Description of the task ▸ Please print all of the records shown below, exactly as given.

Saved entries:
··········

(* Let $m \in \mathbb N$ and let $\phi \colon \mathcal H_2^0 \to \mathcal H_m$ be a map. Then the following are equivalent: (i) $\phi$ is linear and $\phi(\mathcal{IH}_2^0) \subset \mathcal H_m \cap \mathcal U_m$; (ii) there exist $p, q \in \mathbb N \cup \{0\}$ and $U \in \mathcal U_m$ such that $m = 2(p+q)$ and $\phi(A) = U\left((A \otimes I_p) \oplus (-A \otimes I_q)\right)U^\ast$ for all $A \in \mathcal H_2^0$.
   Context: $\mathcal H_m$ is the real vector space of $m\times m$ complex hermitian matrices, $\mathcal U_m$ the set of $m \times m$ unitary matrices, $\mathcal H_2^0$ the trace-zero matrices in $\mathcal H_2$, $\mathcal{IH}_2^0 = \mathcal H_2^0 \cap \mathcal U_2$, $\otimes$ the Kronecker product and $\oplus$ the block-diagonal direct sum (with $0\times0$ blocks omitted). *)

theory Defs
  imports "Jordan_Normal_Form.Matrix"
begin

definition adj :: "complex mat \<Rightarrow> complex mat" where
  "adj A = mat (dim_col A) (dim_row A) (\<lambda>(i,j). cnj (A $$ (j,i)))"

definition mtrace :: "complex mat \<Rightarrow> complex" where
  "mtrace A = (\<Sum>i<dim_row A. A $$ (i,i))"

definition herm :: "nat \<Rightarrow> complex mat set" where
  "herm m = {A. A \<in> carrier_mat m m \<and> adj A = A}"

definition unitary :: "nat \<Rightarrow> complex mat set" where
  "unitary m = {U. U \<in> carrier_mat m m \<and> adj U * U = 1\<^sub>m m \<and> U * adj U = 1\<^sub>m m}"

definition herm20 :: "complex mat set" where
  "herm20 = {A \<in> herm 2. mtrace A = 0}"

definition iherm20 :: "complex mat set" where
  "iherm20 = herm20 \<inter> unitary 2"

definition kron :: "complex mat \<Rightarrow> complex mat \<Rightarrow> complex mat" where
  "kron A B = mat (dim_row A * dim_row B) (dim_col A * dim_col B)
     (\<lambda>(i,j). A $$ (i div dim_row B, j div dim_col B) * B $$ (i mod dim_row B, j mod dim_col B))"

(* block-diagonal direct sum; 0x0 blocks contribute nothing *)
definition dsum :: "complex mat \<Rightarrow> complex mat \<Rightarrow> complex mat" where
  "dsum A B = four_block_mat A (0\<^sub>m (dim_row A) (dim_col B)) (0\<^sub>m (dim_row B) (dim_col A)) B"

definition real_linear_on :: "complex mat set \<Rightarrow> (complex mat \<Rightarrow> complex mat) \<Rightarrow> bool" where
  "real_linear_on S \<phi> \<longleftrightarrow>
     (\<forall>A\<in>S. \<forall>B\<in>S. \<forall>a b::real.
        \<phi> (complex_of_real a \<cdot>\<^sub>m A + complex_of_real b \<cdot>\<^sub>m B)
          = complex_of_real a \<cdot>\<^sub>m \<phi> A + complex_of_real b \<cdot>\<^sub>m \<phi> B)"

end

theory Submission
  imports Defs
begin

text \<open>(ii) \<open>\<Longrightarrow>\<close> (i) is a direct computation: \<open>D(A) = (A \<otimes> I\<^sub>p) \<oplus> (-A \<otimes> I\<^sub>q)\<close> is real
  linear in \<open>A\<close> and squares to the identity whenever \<open>A\<close> does.

  For (i) \<open>\<Longrightarrow>\<close> (ii) write \<open>A \<in> H\<^sub>2\<^sup>0\<close> as \<open>x \<sigma>\<^sub>1 + y \<sigma>\<^sub>2 + z \<sigma>\<^sub>3\<close>; then
  \<open>A\<^sup>2 = (x\<^sup>2 + y\<^sup>2 + z\<^sup>2) I\<close>, so \<open>A\<close> is unitary iff \<open>(x,y,z)\<close> is a unit vector. Hence the
  images \<open>S\<^sub>i = \<phi>(\<sigma>\<^sub>i)\<close> are hermitian involutions, and since also
  \<open>(3/5 S\<^sub>i + 4/5 S\<^sub>j)\<^sup>2 = I\<close>, they anticommute pairwise. The hermitian idempotents
  \<open>E\<^sub>\<plusminus> = 1/4 (I \<plusminus> S\<^sub>3)(I - \<i> S\<^sub>1 S\<^sub>2)\<close> factor as \<open>V\<^sub>\<plusminus> V\<^sub>\<plusminus>\<^sup>*\<close> with isometries
  \<open>V\<^sub>\<plusminus>\<close> of ranks \<open>p\<close> and \<open>q\<close>, and the block matrix \<open>U = [V\<^sub>+, S\<^sub>1 V\<^sub>+, V\<^sub>-, -S\<^sub>1 V\<^sub>-]\<close>
  is unitary with \<open>\<phi>(A) U = U D(A)\<close>.\<close>

text \<open>Ring laws whose side conditions are equations between dimensions rather than carrier
  memberships, so that the simplifier can discharge them.\<close>

lemma mult_assoc_dims:
  "dim_col (A::complex mat) = dim_row B \<Longrightarrow> dim_col B = dim_row C \<Longrightarrow> A * B * C = A * (B * C)"
  by (rule assoc_mult_mat[of A "dim_row A" "dim_col A" B "dim_col B" C "dim_col C"]) auto

lemma add_mult_distrib_dims: "dim_row (A::complex mat) = dim_row B \<Longrightarrow> dim_col A = dim_col B \<Longrightarrow>
  dim_col A = dim_row C \<Longrightarrow> (A + B) * C = A * C + B * C"
  by (rule add_mult_distrib_mat[of A "dim_row A" "dim_col A" B C "dim_col C"]) auto

lemma mult_add_distrib_dims: "dim_row (B::complex mat) = dim_row C \<Longrightarrow> dim_col B = dim_col C \<Longrightarrow>
  dim_col A = dim_row B \<Longrightarrow> A * (B + C) = A * B + A * C"
  by (rule mult_add_distrib_mat[of A "dim_row A" "dim_col A" B "dim_col B" C]) auto

lemma minus_mult_distrib_dims: "dim_row (A::complex mat) = dim_row B \<Longrightarrow> dim_col A = dim_col B \<Longrightarrow>
  dim_col A = dim_row C \<Longrightarrow> (A - B) * C = A * C - B * C"
  by (rule minus_mult_distrib_mat[of A "dim_row A" "dim_col A" B C "dim_col C"]) auto

lemma mult_minus_distrib_dims: "dim_row (B::complex mat) = dim_row C \<Longrightarrow> dim_col B = dim_col C \<Longrightarrow>
  dim_col A = dim_row B \<Longrightarrow> A * (B - C) = A * B - A * C"
  by (rule mult_minus_distrib_mat[of A "dim_row A" "dim_col A" B "dim_col B" C]) auto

··········

Task solution ▸
(* Let $m \in \mathbb N$ and let $\phi \colon \mathcal H_2^0 \to \mathcal H_m$ be a map. Then the following are equivalent: (i) $\phi$ is linear and $\phi(\mathcal{IH}_2^0) \subset \mathcal H_m \cap \mathcal U_m$; (ii) there exist $p, q \in \mathbb N \cup \{0\}$ and $U \in \mathcal U_m$ such that $m = 2(p+q)$ and $\phi(A) = U\left((A \otimes I_p) \oplus (-A \otimes I_q)\right)U^\ast$ for all $A \in \mathcal H_2^0$.
   Context: $\mathcal H_m$ is the real vector space of $m\times m$ complex hermitian matrices, $\mathcal U_m$ the set of $m \times m$ unitary matrices, $\mathcal H_2^0$ the trace-zero matrices in $\mathcal H_2$, $\mathcal{IH}_2^0 = \mathcal H_2^0 \cap \mathcal U_2$, $\otimes$ the Kronecker product and $\oplus$ the block-diagonal direct sum (with $0\times0$ blocks omitted). *)

theory Defs
  imports "Jordan_Normal_Form.Matrix"
begin

definition adj :: "complex mat \<Rightarrow> complex mat" where
  "adj A = mat (dim_col A) (dim_row A) (\<lambda>(i,j). cnj (A $$ (j,i)))"

definition mtrace :: "complex mat \<Rightarrow> complex" where
  "mtrace A = (\<Sum>i<dim_row A. A $$ (i,i))"

definition herm :: "nat \<Rightarrow> complex mat set" where
  "herm m = {A. A \<in> carrier_mat m m \<and> adj A = A}"

definition unitary :: "nat \<Rightarrow> complex mat set" where
  "unitary m = {U. U \<in> carrier_mat m m \<and> adj U * U = 1\<^sub>m m \<and> U * adj U = 1\<^sub>m m}"

definition herm20 :: "complex mat set" where
  "herm20 = {A \<in> herm 2. mtrace A = 0}"

definition iherm20 :: "complex mat set" where
  "iherm20 = herm20 \<inter> unitary 2"

definition kron :: "complex mat \<Rightarrow> complex mat \<Rightarrow> complex mat" where
  "kron A B = mat (dim_row A * dim_row B) (dim_col A * dim_col B)
     (\<lambda>(i,j). A $$ (i div dim_row B, j div dim_col B) * B $$ (i mod dim_row B, j mod dim_col B))"

(* block-diagonal direct sum; 0x0 blocks contribute nothing *)
definition dsum :: "complex mat \<Rightarrow> complex mat \<Rightarrow> complex mat" where
  "dsum A B = four_block_mat A (0\<^sub>m (dim_row A) (dim_col B)) (0\<^sub>m (dim_row B) (dim_col A)) B"

definition real_linear_on :: "complex mat set \<Rightarrow> (complex mat \<Rightarrow> complex mat) \<Rightarrow> bool" where
  "real_linear_on S \<phi> \<longleftrightarrow>
     (\<forall>A\<in>S. \<forall>B\<in>S. \<forall>a b::real.
        \<phi> (complex_of_real a \<cdot>\<^sub>m A + complex_of_real b \<cdot>\<^sub>m B)
          = complex_of_real a \<cdot>\<^sub>m \<phi> A + complex_of_real b \<cdot>\<^sub>m \<phi> B)"

end

theory Submission
  imports Defs
begin

text \<open>(ii) \<open>\<Longrightarrow>\<close> (i) is a direct computation: \<open>D(A) = (A \<otimes> I\<^sub>p) \<oplus> (-A \<otimes> I\<^sub>q)\<close> is real
  linear in \<open>A\<close> and squares to the identity whenever \<open>A\<close> does.

  For (i) \<open>\<Longrightarrow>\<close> (ii) write \<open>A \<in> H\<^sub>2\<^sup>0\<close> as \<open>x \<sigma>\<^sub>1 + y \<sigma>\<^sub>2 + z \<sigma>\<^sub>3\<close>; then
  \<open>A\<^sup>2 = (x\<^sup>2 + y\<^sup>2 + z\<^sup>2) I\<close>, so \<open>A\<close> is unitary iff \<open>(x,y,z)\<close> is a unit vector. Hence the
  images \<open>S\<^sub>i = \<phi>(\<sigma>\<^sub>i)\<close> are hermitian involutions, and since also
  \<open>(3/5 S\<^sub>i + 4/5 S\<^sub>j)\<^sup>2 = I\<close>, they anticommute pairwise. The hermitian idempotents
  \<open>E\<^sub>\<plusminus> = 1/4 (I \<plusminus> S\<^sub>3)(I - \<i> S\<^sub>1 S\<^sub>2)\<close> factor as \<open>V\<^sub>\<plusminus> V\<^sub>\<plusminus>\<^sup>*\<close> with isometries
  \<open>V\<^sub>\<plusminus>\<close> of ranks \<open>p\<close> and \<open>q\<close>, and the block matrix \<open>U = [V\<^sub>+, S\<^sub>1 V\<^sub>+, V\<^sub>-, -S\<^sub>1 V\<^sub>-]\<close>
  is unitary with \<open>\<phi>(A) U = U D(A)\<close>.\<close>

text \<open>Ring laws whose side conditions are equations between dimensions rather than carrier
  memberships, so that the simplifier can discharge them.\<close>

lemma mult_assoc_dims:
  "dim_col (A::complex mat) = dim_row B \<Longrightarrow> dim_col B = dim_row C \<Longrightarrow> A * B * C = A * (B * C)"
  by (rule assoc_mult_mat[of A "dim_row A" "dim_col A" B "dim_col B" C "dim_col C"]) auto

lemma add_mult_distrib_dims: "dim_row (A::complex mat) = dim_row B \<Longrightarrow> dim_col A = dim_col B \<Longrightarrow>
  dim_col A = dim_row C \<Longrightarrow> (A + B) * C = A * C + B * C"
  by (rule add_mult_distrib_mat[of A "dim_row A" "dim_col A" B C "dim_col C"]) auto

lemma mult_add_distrib_dims: "dim_row (B::complex mat) = dim_row C \<Longrightarrow> dim_col B = dim_col C \<Longrightarrow>
  dim_col A = dim_row B \<Longrightarrow> A * (B + C) = A * B + A * C"
  by (rule mult_add_distrib_mat[of A "dim_row A" "dim_col A" B "dim_col B" C]) auto

lemma minus_mult_distrib_dims: "dim_row (A::complex mat) = dim_row B \<Longrightarrow> dim_col A = dim_col B \<Longrightarrow>
  dim_col A = dim_row C \<Longrightarrow> (A - B) * C = A * C - B * C"
  by (rule minus_mult_distrib_mat[of A "dim_row A" "dim_col A" B C "dim_col C"]) auto

lemma mult_minus_distrib_dims: "dim_row (B::complex mat) = dim_row C \<Longrightarrow> dim_col B = dim_col C \<Longrightarrow>
  dim_col A = dim_row B \<Longrightarrow> A * (B - C) = A * B - A * C"
  by (rule mult_minus_distrib_mat[of A "dim_row A" "dim_col A" B "dim_col B" C]) auto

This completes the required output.